## ABOUT THIS TASK
Give back an exact copy of the lines in the records below, from the line that has "proof (intro conjI ballI)" through the line that has "unfolding x y adjoin_add_eq", and nothing besides.

DATA TO EXAMINE section start

(* Let $F$ be a finite abelian group with cardinality $|F|\ge3$. Then $\lambda(F)\le\frac1{|F|}\log(|F|-1)$.
   Context: For a compact abelian group $G$ with normalized Haar measure $\mu$ (for finite $G$, the uniform probability measure) and (multiplicative) dual group of characters $\widehat{G}$, let $\mathbb{Z}[\widehat{G}]$ denote the ring of integral linear combinations of characters, regarded as functions on $G$. For $f\in\mathbb{Z}[\widehat{G}]$, the logarithmic Mahler measure over $G$ is $\mathsf{m}_G(f)=\int_G\log|f|\,d\mu$ (with $\log 0=-\infty$). The Lehmer constant of $G$ is $\lambda(G)=\inf\{\mathsf{m}_G(f): f\in\mathbb{Z}[\widehat{G}],\ \mathsf{m}_G(f)>0\}$. *)

theory Defs
  imports Complex_Main "HOL-Library.Extended_Real"
begin

text \<open>A finite abelian group is modelled as a finite type of class ab_group_add
  (written additively). Characters are homomorphisms into the multiplicative
  group of nonzero complex numbers.\<close>

definition characters :: "('a::ab_group_add \<Rightarrow> complex) set" where
  "characters = {\<chi>. \<chi> 0 = 1 \<and> (\<forall>x y. \<chi> (x + y) = \<chi> x * \<chi> y)}"

text \<open>The ring Z[dual G]: integral linear combinations of characters, as functions on G.\<close>
definition int_char_comb :: "('a::ab_group_add \<Rightarrow> complex) set" where
  "int_char_comb = {f. \<exists>S c. finite S \<and> S \<subseteq> characters \<and>
      f = (\<lambda>x. \<Sum>\<chi>\<in>S. of_int (c \<chi>) * \<chi> x)}"

definition mahler_m :: "('a::{finite,ab_group_add} \<Rightarrow> complex) \<Rightarrow> ereal" where
  "mahler_m f = (if \<exists>x. f x = 0 then -\<infinity>
     else ereal ((\<Sum>x\<in>UNIV. ln (cmod (f x))) / real (card (UNIV :: 'a set))))"

definition lehmer_const :: "'a::{finite,ab_group_add} itself \<Rightarrow> ereal" where
  "lehmer_const _ = Inf {mahler_m f | f :: 'a \<Rightarrow> complex. f \<in> int_char_comb \<and> mahler_m f > 0}"

end

theory Submission
  imports Defs "HOL-Library.FuncSet"
begin

text \<open>The sum \<open>f\<close> of all nontrivial characters is an integral combination of characters,
  and by the orthogonality relations it equals \<open>|F| - 1\<close> at \<open>0\<close> and \<open>-1\<close> everywhere else;
  so its Mahler measure is \<open>log (|F| - 1) / |F|\<close>, which is positive once \<open>|F| \<ge> 3\<close>.
  Orthogonality rests on the fact that characters separate the points of \<open>F\<close>. This is obtained
  by extending a character \<open>\<chi>\<close> from a subgroup \<open>H\<close> to \<open>H + \<langle>g\<rangle>\<close>, one element \<open>g\<close> at a time,
  prescribing at \<open>g\<close> any \<open>m\<close>-th root of \<open>\<chi> (m g)\<close>, where \<open>m\<close> is the least positive
  multiplier with \<open>m g \<in> H\<close>.\<close>

primrec nmult :: "nat \<Rightarrow> 'a::ab_group_add \<Rightarrow> 'a" where
  "nmult 0 g = 0"
| "nmult (Suc k) g = g + nmult k g"

lemma nmult_add: "nmult (a + b) g = nmult a g + nmult b g"
  by (induction a) (auto simp: add.assoc)

lemma nmult_mult: "nmult (a * b) g = nmult a (nmult b g)"
  by (induction a) (auto simp: nmult_add)

lemma ex_nmult_eq_0:
  fixes g :: "'a::{finite,ab_group_add}"
  shows "\<exists>k>0. nmult k g = 0"
proof -
  have "\<not> inj (\<lambda>k. nmult k g)"
    using finite_imageD[of "\<lambda>k. nmult k g" UNIV] by auto
  then obtain i j where "i < j" "nmult i g = nmult j g"
    unfolding inj_def by (metis linorder_neqE_nat)
  then have "nmult (j - i) g + nmult i g = 0 + nmult i g"
    by (metis nmult_add le_add_diff_inverse2 less_imp_le add_0)
  then show ?thesis
    using \<open>i < j\<close> by (intro exI[of _ "j - i"]) simp
qed

definition subgroup :: "'a::ab_group_add set \<Rightarrow> bool" where
  "subgroup H \<longleftrightarrow> 0 \<in> H \<and> (\<forall>x\<in>H. \<forall>y\<in>H. x + y \<in> H) \<and> (\<forall>x\<in>H. - x \<in> H)"

lemma subgroup_nmult: "subgroup H \<Longrightarrow> x \<in> H \<Longrightarrow> nmult k x \<in> H"
  by (induction k) (auto simp: subgroup_def)

lemma subgroup_diff: "subgroup H \<Longrightarrow> x \<in> H \<Longrightarrow> y \<in> H \<Longrightarrow> x - y \<in> H"
  unfolding subgroup_def by (metis diff_conv_add_uminus)

lemma subgroupI_finite:
  fixes H :: "'a::{finite,ab_group_add} set"
  assumes "0 \<in> H" and add_closed: "\<And>x y. x \<in> H \<Longrightarrow> y \<in> H \<Longrightarrow> x + y \<in> H"
  shows "subgroup H"
proof -
  have "- x \<in> H" if "x \<in> H" for x
  proof -
    obtain k where "0 < k" "nmult k x = 0"
      using ex_nmult_eq_0 by blast
    then have "- x = nmult (k - 1) x"
      by (cases k) (auto simp: add_eq_0_iff)
    moreover have "nmult j x \<in> H" for j
      using that by (induction j) (auto simp: \<open>0 \<in> H\<close> add_closed)
    ultimately show ?thesis by simp
  qed
  then show ?thesis
    using assms by (simp add: subgroup_def)
qed

definition order_mod :: "'a::{finite,ab_group_add} set \<Rightarrow> 'a \<Rightarrow> nat" where
  "order_mod H g = (LEAST k. 0 < k \<and> nmult k g \<in> H)"

lemma order_mod:
  assumes "subgroup H"
  shows order_mod_pos: "0 < order_mod H g"
    and nmult_order_mod: "nmult (order_mod H g) g \<in> H"
proof -
  obtain k where "0 < k" "nmult k g = 0"
    using ex_nmult_eq_0 by blast
  then have "\<exists>k. 0 < k \<and> nmult k g \<in> H"
    using assms by (auto simp: subgroup_def)
  then have "0 < order_mod H g \<and> nmult (order_mod H g) g \<in> H"
    unfolding order_mod_def by (rule LeastI_ex)
  then show "0 < order_mod H g" "nmult (order_mod H g) g \<in> H"
    by auto
qed

lemma order_mod_dvd:
  assumes H: "subgroup H" and k: "nmult k g \<in> H"
  shows "order_mod H g dvd k"
proof -
  define m where "m = order_mod H g"
  define r where "r = k mod m"
  have "nmult k g = nmult (r + k div m * m) g"
    by (simp add: r_def)
  also have "\<dots> = nmult r g + nmult (k div m) (nmult m g)"
    by (simp only: nmult_add nmult_mult)
  finally have "nmult k g = nmult r g + nmult (k div m) (nmult m g)" .
  moreover have "nmult (k div m) (nmult m g) \<in> H"
    unfolding m_def by (intro subgroup_nmult[OF H] nmult_order_mod[OF H])
  ultimately have "nmult r g \<in> H"
    using subgroup_diff[OF H k] by (metis add_diff_cancel)
  moreover have "r < m"
    using order_mod_pos[OF H] by (simp add: r_def m_def)
  ultimately have "r = 0"
    using not_less_Least[of r "\<lambda>k. 0 < k \<and> nmult k g \<in> H"]
    unfolding m_def order_mod_def by auto
  then show ?thesis
    by (simp add: r_def m_def dvd_eq_mod_eq_0)
qed

lemma ex_complex_root:
  assumes "0 < m"
  shows "\<exists>w::complex. w ^ m = z"
proof -
  have "rcis (root m (cmod z)) (Arg z / m) ^ m = rcis (root m (cmod z) ^ m) (m * (Arg z / m))"
    by (rule DeMoivre2)
  also have "\<dots> = z"
    using assms by (simp add: real_root_pow_pos2 rcis_cmod_Arg)
  finally show ?thesis ..
qed

definition character_on :: "'a::ab_group_add set \<Rightarrow> ('a \<Rightarrow> complex) \<Rightarrow> bool" where
  "character_on H \<chi> \<longleftrightarrow> \<chi> 0 = 1 \<and> (\<forall>x\<in>H. \<forall>y\<in>H. \<chi> (x + y) = \<chi> x * \<chi> y)"

lemma characters_eq: "characters = {\<chi>. character_on UNIV \<chi>}"
  by (simp add: characters_def character_on_def)

lemma character_on_nmult:
  assumes "subgroup H" "character_on H \<chi>" "x \<in> H"
  shows "\<chi> (nmult k x) = \<chi> x ^ k"
  using assms by (induction k) (auto simp: character_on_def subgroup_nmult)

definition adjoin :: "'a::ab_group_add set \<Rightarrow> 'a \<Rightarrow> 'a set" where
  "adjoin H g = {h + nmult k g | h k. h \<in> H}"

lemma adjoinI: "h \<in> H \<Longrightarrow> h + nmult k g \<in> adjoin H g"
  unfolding adjoin_def by blast

lemma adjoinE:
  assumes "y \<in> adjoin H g"
  obtains h k where "h \<in> H" "y = h + nmult k g"
  using assms unfolding adjoin_def by blast

lemma adjoin_add_eq: "(h1 + nmult k1 g) + (h2 + nmult k2 g) = (h1 + h2) + nmult (k1 + k2) g"
  by (simp add: nmult_add algebra_simps)

lemma subgroup_adjoin:
  fixes H :: "'a::{finite,ab_group_add} set"
  assumes H: "subgroup H"
  shows "subgroup (adjoin H g)"
proof (rule subgroupI_finite)
  show "0 \<in> adjoin H g"
    using adjoinI[of 0 H 0 g] H by (simp add: subgroup_def)
  fix x y assume "x \<in> adjoin H g" "y \<in> adjoin H g"
  then obtain h1 k1 h2 k2 where "h1 \<in> H" "h2 \<in> H" "x = h1 + nmult k1 g" "y = h2 + nmult k2 g"
    by (elim adjoinE)
  moreover have "h1 + h2 \<in> H"
    using H \<open>h1 \<in> H\<close> \<open>h2 \<in> H\<close> by (simp add: subgroup_def)
  ultimately show "x + y \<in> adjoin H g"
    by (simp add: adjoin_add_eq adjoinI)
qed

lemma subset_adjoin: "subgroup H \<Longrightarrow> insert g H \<subseteq> adjoin H g"
  using adjoinI[of 0 H 1 g] adjoinI[of _ H 0 g] by (auto simp: subgroup_def)

context
  fixes H :: "'a::{finite,ab_group_add} set" and \<chi> :: "'a \<Rightarrow> complex" and g :: 'a and w :: complex
  assumes H: "subgroup H" and \<chi>: "character_on H \<chi>"
    and w: "w ^ order_mod H g = \<chi> (nmult (order_mod H g) g)"
begin

text \<open>This makes \<open>\<psi> (h + k g) = \<chi> h * w ^ k\<close> well defined on \<open>H + \<langle>g\<rangle>\<close>: the multiplier \<open>k\<close>
  is determined modulo \<open>order_mod H g\<close>, and \<open>w\<close> was chosen to match \<open>\<chi>\<close> on that period.\<close>

lemma adjoin_value_unique:
  assumes "h \<in> H" "h' \<in> H" "h + nmult k g = h' + nmult k' g"
  shows "\<chi> h * w ^ k = \<chi> h' * w ^ k'"
proof -
  define m where "m = order_mod H g"
  have *: "\<chi> h * w ^ k = \<chi> h' * w ^ k'"
    if "h \<in> H" "h' \<in> H" "k' \<le> k" and eq: "h + nmult k g = h' + nmult k' g" for h h' k k'
  proof -
    have "nmult k g = nmult (k - k') g + nmult k' g"
      using \<open>k' \<le> k\<close> by (simp add: nmult_add[symmetric])
    then have h': "h' = h + nmult (k - k') g"
      using eq by (simp add: algebra_simps)
    then have "nmult (k - k') g \<in> H"
      using subgroup_diff[OF H \<open>h' \<in> H\<close> \<open>h \<in> H\<close>] by simp
    then obtain q where q: "k - k' = m * q"
      using order_mod_dvd[OF H] unfolding m_def by (auto elim!: dvdE)
    have "nmult (k - k') g = nmult q (nmult m g)"
      using nmult_mult[of q m g] by (simp add: q mult.commute)
    moreover have "nmult m g \<in> H"
      unfolding m_def by (rule nmult_order_mod[OF H])
    ultimately have "\<chi> h' = \<chi> h * \<chi> (nmult m g) ^ q"
      using h' \<chi> \<open>h \<in> H\<close> subgroup_nmult[OF H]
      by (simp add: character_on_def character_on_nmult[OF H \<chi>])
    also have "\<dots> = \<chi> h * w ^ (k - k')"
      by (simp add: q w[folded m_def] power_mult)
    finally show ?thesis
      using \<open>k' \<le> k\<close> by (simp add: mult.assoc power_add[symmetric])
  qed
  show ?thesis
    using *[of h h' k' k] *[of h' h k k'] assms by (cases "k' \<le> k") auto
qed

lemma character_on_adjoin:
  obtains \<psi> where "character_on (adjoin H g) \<psi>" "\<forall>h\<in>H. \<psi> h = \<chi> h" "\<psi> g = w"
proof -
  have "\<forall>y\<in>adjoin H g. \<exists>z. \<forall>h\<in>H. \<forall>k. y = h + nmult k g \<longrightarrow> z = \<chi> h * w ^ k"
  proof
    fix y assume "y \<in> adjoin H g"
    then obtain h0 k0 where "h0 \<in> H" "y = h0 + nmult k0 g"
      by (elim adjoinE)
    then show "\<exists>z. \<forall>h\<in>H. \<forall>k. y = h + nmult k g \<longrightarrow> z = \<chi> h * w ^ k"
      using adjoin_value_unique[of h0] by blast
  qed
  from bchoice[OF this] obtain \<psi>
    where "\<forall>y\<in>adjoin H g. \<forall>h\<in>H. \<forall>k. y = h + nmult k g \<longrightarrow> \<psi> y = \<chi> h * w ^ k"
    by blast
  then have \<psi>: "\<psi> (h + nmult k g) = \<chi> h * w ^ k" if "h \<in> H" for h k
    using that adjoinI by blast
  have "0 \<in> H" and \<chi>0: "\<chi> 0 = 1"
    using H \<chi> by (auto simp: subgroup_def character_on_def)
  have "character_on (adjoin H g) \<psi>"
    unfolding character_on_def
  proof (intro conjI ballI)
    show "\<psi> 0 = 1"
      using \<psi>[OF \<open>0 \<in> H\<close>, of 0] \<chi>0 by simp
    fix x y assume "x \<in> adjoin H g" "y \<in> adjoin H g"
    then obtain h1 k1 h2 k2 where "h1 \<in> H" "h2 \<in> H"
      and x: "x = h1 + nmult k1 g" and y: "y = h2 + nmult k2 g"
      by (elim adjoinE)
    have "h1 + h2 \<in> H" "\<chi> (h1 + h2) = \<chi> h1 * \<chi> h2"
      using H \<chi> \<open>h1 \<in> H\<close> \<open>h2 \<in> H\<close> by (auto simp: subgroup_def character_on_def)
    then show "\<psi> (x + y) = \<psi> x * \<psi> y"
      unfolding x y adjoin_add_eq
      by (simp add: \<psi> \<open>h1 \<in> H\<close> \<open>h2 \<in> H\<close> power_add mult_ac)
  qed
  moreover have "\<forall>h\<in>H. \<psi> h = \<chi> h"
    using \<psi>[of _ 0] by simp
  moreover have "\<psi> g = w"
    using \<psi>[OF \<open>0 \<in> H\<close>, of 1] \<chi>0 by simp
  ultimately show ?thesis
    using that by blast
qed

end

lemma character_on_extend:
  fixes \<chi> :: "'a::{finite,ab_group_add} \<Rightarrow> complex"
  assumes "subgroup H" "character_on H \<chi>"
  shows "\<exists>\<psi>\<in>characters. \<forall>h\<in>H. \<psi> h = \<chi> h"
  using assms
proof (induction "card (- H)" arbitrary: H \<chi> rule: less_induct)
  case less
  show ?case
  proof (cases "H = UNIV")
    case True
    then show ?thesis
      using less.prems by (auto simp: characters_eq)
  next
    case False
    then obtain g where "g \<notin> H" by blast
    obtain w where w: "w ^ order_mod H g = \<chi> (nmult (order_mod H g) g)"
      using ex_complex_root order_mod_pos[OF less.prems(1)] by blast
    obtain \<psi> where \<psi>: "character_on (adjoin H g) \<psi>" "\<forall>h\<in>H. \<psi> h = \<chi> h"
      by (rule character_on_adjoin[OF less.prems w]) blast
    have "insert g H \<subseteq> adjoin H g"
      using subset_adjoin[OF less.prems(1)] .
    then have "card (- adjoin H g) < card (- H)"
      using \<open>g \<notin> H\<close> by (intro psubset_card_mono) auto
    then obtain \<phi> where "\<phi> \<in> characters" "\<forall>h\<in>adjoin H g. \<phi> h = \<psi> h"
      using less.hyps subgroup_adjoin[OF less.prems(1)] \<psi>(1) by blast
    then show ?thesis
      using \<open>insert g H \<subseteq> adjoin H g\<close> \<psi>(2) by (intro bexI[of _ \<phi>]) auto
  qed
qed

DATA TO EXAMINE section end

## TASK RESPONSE
  proof (intro conjI ballI)
    show "\<psi> 0 = 1"
      using \<psi>[OF \<open>0 \<in> H\<close>, of 0] \<chi>0 by simp
    fix x y assume "x \<in> adjoin H g" "y \<in> adjoin H g"
    then obtain h1 k1 h2 k2 where "h1 \<in> H" "h2 \<in> H"
      and x: "x = h1 + nmult k1 g" and y: "y = h2 + nmult k2 g"
      by (elim adjoinE)
    have "h1 + h2 \<in> H" "\<chi> (h1 + h2) = \<chi> h1 * \<chi> h2"
      using H \<chi> \<open>h1 \<in> H\<close> \<open>h2 \<in> H\<close> by (auto simp: subgroup_def character_on_def)
    then show "\<psi> (x + y) = \<psi> x * \<psi> y"
      unfolding x y adjoin_add_eq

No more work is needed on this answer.